THE PROBLEM:
Scan the records beneath this line for the line holding "a fb b c \<longleftrightarrow>" and the line holding "let F = (\<lambda>t.", then transcribe exactly those two and all lines between.

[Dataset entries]
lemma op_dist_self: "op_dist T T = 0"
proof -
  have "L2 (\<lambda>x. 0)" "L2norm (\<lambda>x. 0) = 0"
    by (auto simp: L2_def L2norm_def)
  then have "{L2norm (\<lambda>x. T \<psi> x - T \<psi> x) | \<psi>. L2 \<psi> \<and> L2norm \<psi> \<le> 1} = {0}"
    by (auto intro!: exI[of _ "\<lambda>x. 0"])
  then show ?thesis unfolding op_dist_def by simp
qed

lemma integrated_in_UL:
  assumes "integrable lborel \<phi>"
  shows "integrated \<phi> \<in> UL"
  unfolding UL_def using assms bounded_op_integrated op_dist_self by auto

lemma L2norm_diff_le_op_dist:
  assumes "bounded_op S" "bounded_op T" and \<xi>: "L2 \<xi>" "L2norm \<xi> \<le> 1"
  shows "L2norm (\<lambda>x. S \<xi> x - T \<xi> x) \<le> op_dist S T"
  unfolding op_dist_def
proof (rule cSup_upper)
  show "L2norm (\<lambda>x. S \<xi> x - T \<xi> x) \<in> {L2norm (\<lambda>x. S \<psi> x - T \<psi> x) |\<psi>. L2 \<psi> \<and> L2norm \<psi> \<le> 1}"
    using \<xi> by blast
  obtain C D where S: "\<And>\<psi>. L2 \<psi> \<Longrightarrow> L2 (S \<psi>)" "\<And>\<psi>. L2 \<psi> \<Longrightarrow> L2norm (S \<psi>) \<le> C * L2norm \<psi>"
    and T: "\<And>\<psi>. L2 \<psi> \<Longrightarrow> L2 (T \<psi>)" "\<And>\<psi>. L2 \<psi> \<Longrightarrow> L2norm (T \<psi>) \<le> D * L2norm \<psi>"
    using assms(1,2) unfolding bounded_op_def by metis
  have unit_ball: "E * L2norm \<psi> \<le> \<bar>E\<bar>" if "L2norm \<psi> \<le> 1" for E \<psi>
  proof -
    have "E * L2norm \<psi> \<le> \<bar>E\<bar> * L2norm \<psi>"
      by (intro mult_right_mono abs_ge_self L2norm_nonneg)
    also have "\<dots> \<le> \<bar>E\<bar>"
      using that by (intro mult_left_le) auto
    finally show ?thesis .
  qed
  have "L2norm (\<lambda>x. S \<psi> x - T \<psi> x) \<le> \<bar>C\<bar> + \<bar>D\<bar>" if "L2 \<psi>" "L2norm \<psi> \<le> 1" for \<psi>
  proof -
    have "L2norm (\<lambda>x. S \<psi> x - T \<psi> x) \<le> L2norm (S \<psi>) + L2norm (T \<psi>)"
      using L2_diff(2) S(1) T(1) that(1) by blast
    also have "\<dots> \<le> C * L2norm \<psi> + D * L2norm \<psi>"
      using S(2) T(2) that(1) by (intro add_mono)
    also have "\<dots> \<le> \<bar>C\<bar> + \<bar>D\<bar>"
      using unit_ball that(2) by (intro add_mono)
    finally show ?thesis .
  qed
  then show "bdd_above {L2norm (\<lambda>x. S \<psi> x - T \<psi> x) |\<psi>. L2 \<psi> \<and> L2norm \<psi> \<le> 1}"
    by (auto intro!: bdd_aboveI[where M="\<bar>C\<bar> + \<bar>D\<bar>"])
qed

...

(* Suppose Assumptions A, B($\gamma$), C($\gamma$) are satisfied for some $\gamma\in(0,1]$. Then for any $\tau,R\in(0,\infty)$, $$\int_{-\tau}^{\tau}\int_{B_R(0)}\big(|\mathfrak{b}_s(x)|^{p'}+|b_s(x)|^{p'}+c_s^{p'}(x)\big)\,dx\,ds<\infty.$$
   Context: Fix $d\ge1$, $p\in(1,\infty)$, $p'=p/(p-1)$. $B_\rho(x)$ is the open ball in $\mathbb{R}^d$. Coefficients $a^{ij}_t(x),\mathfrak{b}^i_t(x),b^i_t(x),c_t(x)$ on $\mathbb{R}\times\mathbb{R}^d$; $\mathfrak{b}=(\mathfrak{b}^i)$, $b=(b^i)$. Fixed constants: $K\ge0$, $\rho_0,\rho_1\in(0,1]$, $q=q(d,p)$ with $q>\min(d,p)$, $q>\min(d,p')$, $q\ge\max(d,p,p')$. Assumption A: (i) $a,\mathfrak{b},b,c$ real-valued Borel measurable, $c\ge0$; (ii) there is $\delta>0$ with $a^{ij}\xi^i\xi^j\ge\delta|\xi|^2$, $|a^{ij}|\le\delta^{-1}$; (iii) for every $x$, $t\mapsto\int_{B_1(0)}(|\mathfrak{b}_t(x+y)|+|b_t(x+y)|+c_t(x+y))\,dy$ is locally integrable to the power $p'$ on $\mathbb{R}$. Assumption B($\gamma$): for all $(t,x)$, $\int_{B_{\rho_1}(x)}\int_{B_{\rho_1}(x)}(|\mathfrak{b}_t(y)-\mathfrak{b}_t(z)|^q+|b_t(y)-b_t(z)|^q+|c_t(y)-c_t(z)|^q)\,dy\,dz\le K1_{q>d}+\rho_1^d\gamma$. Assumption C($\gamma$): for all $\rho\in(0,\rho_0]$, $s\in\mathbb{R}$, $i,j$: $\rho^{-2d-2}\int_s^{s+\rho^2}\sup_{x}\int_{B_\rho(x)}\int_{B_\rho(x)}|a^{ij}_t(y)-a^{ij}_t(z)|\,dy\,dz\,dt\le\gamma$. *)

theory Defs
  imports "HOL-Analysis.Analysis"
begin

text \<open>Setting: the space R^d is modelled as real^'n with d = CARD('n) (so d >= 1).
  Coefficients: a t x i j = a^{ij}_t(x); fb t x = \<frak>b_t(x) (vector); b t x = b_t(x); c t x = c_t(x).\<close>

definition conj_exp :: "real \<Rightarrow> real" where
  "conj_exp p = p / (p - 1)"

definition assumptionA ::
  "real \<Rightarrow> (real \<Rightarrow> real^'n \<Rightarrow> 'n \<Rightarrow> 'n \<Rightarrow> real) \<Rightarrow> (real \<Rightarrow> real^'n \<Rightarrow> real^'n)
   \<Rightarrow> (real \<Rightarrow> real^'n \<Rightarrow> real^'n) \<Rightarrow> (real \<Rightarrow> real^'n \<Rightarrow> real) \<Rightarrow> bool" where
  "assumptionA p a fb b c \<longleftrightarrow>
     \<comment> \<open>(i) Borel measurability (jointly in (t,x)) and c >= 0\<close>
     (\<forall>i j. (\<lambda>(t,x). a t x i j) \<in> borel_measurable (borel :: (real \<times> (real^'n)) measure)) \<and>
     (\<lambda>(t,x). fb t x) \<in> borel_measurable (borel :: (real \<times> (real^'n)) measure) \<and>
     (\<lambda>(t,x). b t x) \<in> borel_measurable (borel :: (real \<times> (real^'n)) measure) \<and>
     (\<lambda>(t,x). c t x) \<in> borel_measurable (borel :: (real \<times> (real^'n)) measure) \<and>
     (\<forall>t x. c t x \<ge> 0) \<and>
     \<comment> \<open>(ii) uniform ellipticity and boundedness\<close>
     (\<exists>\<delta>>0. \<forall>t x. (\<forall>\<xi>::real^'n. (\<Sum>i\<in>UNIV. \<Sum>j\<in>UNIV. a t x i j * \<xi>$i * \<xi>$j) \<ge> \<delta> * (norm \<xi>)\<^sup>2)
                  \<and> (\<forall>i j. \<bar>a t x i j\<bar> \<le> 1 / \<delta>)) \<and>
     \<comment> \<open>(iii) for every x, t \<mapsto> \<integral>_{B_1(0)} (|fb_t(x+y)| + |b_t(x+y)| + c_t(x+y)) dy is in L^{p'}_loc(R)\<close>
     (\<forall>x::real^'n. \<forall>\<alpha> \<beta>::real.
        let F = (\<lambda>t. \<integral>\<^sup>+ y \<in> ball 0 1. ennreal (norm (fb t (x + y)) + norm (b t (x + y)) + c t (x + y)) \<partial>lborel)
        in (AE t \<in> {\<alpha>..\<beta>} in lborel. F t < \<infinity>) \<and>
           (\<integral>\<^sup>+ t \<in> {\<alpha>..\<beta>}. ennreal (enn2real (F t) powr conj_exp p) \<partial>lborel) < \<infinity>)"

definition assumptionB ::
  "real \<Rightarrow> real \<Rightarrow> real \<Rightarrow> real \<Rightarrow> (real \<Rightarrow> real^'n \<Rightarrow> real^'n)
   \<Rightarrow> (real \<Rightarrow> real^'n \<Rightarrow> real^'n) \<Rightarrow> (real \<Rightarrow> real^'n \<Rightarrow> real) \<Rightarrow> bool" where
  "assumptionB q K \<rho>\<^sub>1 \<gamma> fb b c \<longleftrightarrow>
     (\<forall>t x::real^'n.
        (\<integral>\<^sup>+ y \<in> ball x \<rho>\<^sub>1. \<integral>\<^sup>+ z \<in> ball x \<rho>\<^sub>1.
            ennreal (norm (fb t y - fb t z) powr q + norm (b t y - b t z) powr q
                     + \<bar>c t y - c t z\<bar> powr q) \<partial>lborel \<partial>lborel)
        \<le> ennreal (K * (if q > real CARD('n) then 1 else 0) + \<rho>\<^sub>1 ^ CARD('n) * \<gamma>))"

REPLY TO THE TASK:
  "assumptionA p a fb b c \<longleftrightarrow>
     \<comment> \<open>(i) Borel measurability (jointly in (t,x)) and c >= 0\<close>
     (\<forall>i j. (\<lambda>(t,x). a t x i j) \<in> borel_measurable (borel :: (real \<times> (real^'n)) measure)) \<and>
     (\<lambda>(t,x). fb t x) \<in> borel_measurable (borel :: (real \<times> (real^'n)) measure) \<and>
     (\<lambda>(t,x). b t x) \<in> borel_measurable (borel :: (real \<times> (real^'n)) measure) \<and>
     (\<lambda>(t,x). c t x) \<in> borel_measurable (borel :: (real \<times> (real^'n)) measure) \<and>
     (\<forall>t x. c t x \<ge> 0) \<and>
     \<comment> \<open>(ii) uniform ellipticity and boundedness\<close>
     (\<exists>\<delta>>0. \<forall>t x. (\<forall>\<xi>::real^'n. (\<Sum>i\<in>UNIV. \<Sum>j\<in>UNIV. a t x i j * \<xi>$i * \<xi>$j) \<ge> \<delta> * (norm \<xi>)\<^sup>2)
                  \<and> (\<forall>i j. \<bar>a t x i j\<bar> \<le> 1 / \<delta>)) \<and>
     \<comment> \<open>(iii) for every x, t \<mapsto> \<integral>_{B_1(0)} (|fb_t(x+y)| + |b_t(x+y)| + c_t(x+y)) dy is in L^{p'}_loc(R)\<close>
     (\<forall>x::real^'n. \<forall>\<alpha> \<beta>::real.
        let F = (\<lambda>t. \<integral>\<^sup>+ y \<in> ball 0 1. ennreal (norm (fb t (x + y)) + norm (b t (x + y)) + c t (x + y)) \<partial>lborel)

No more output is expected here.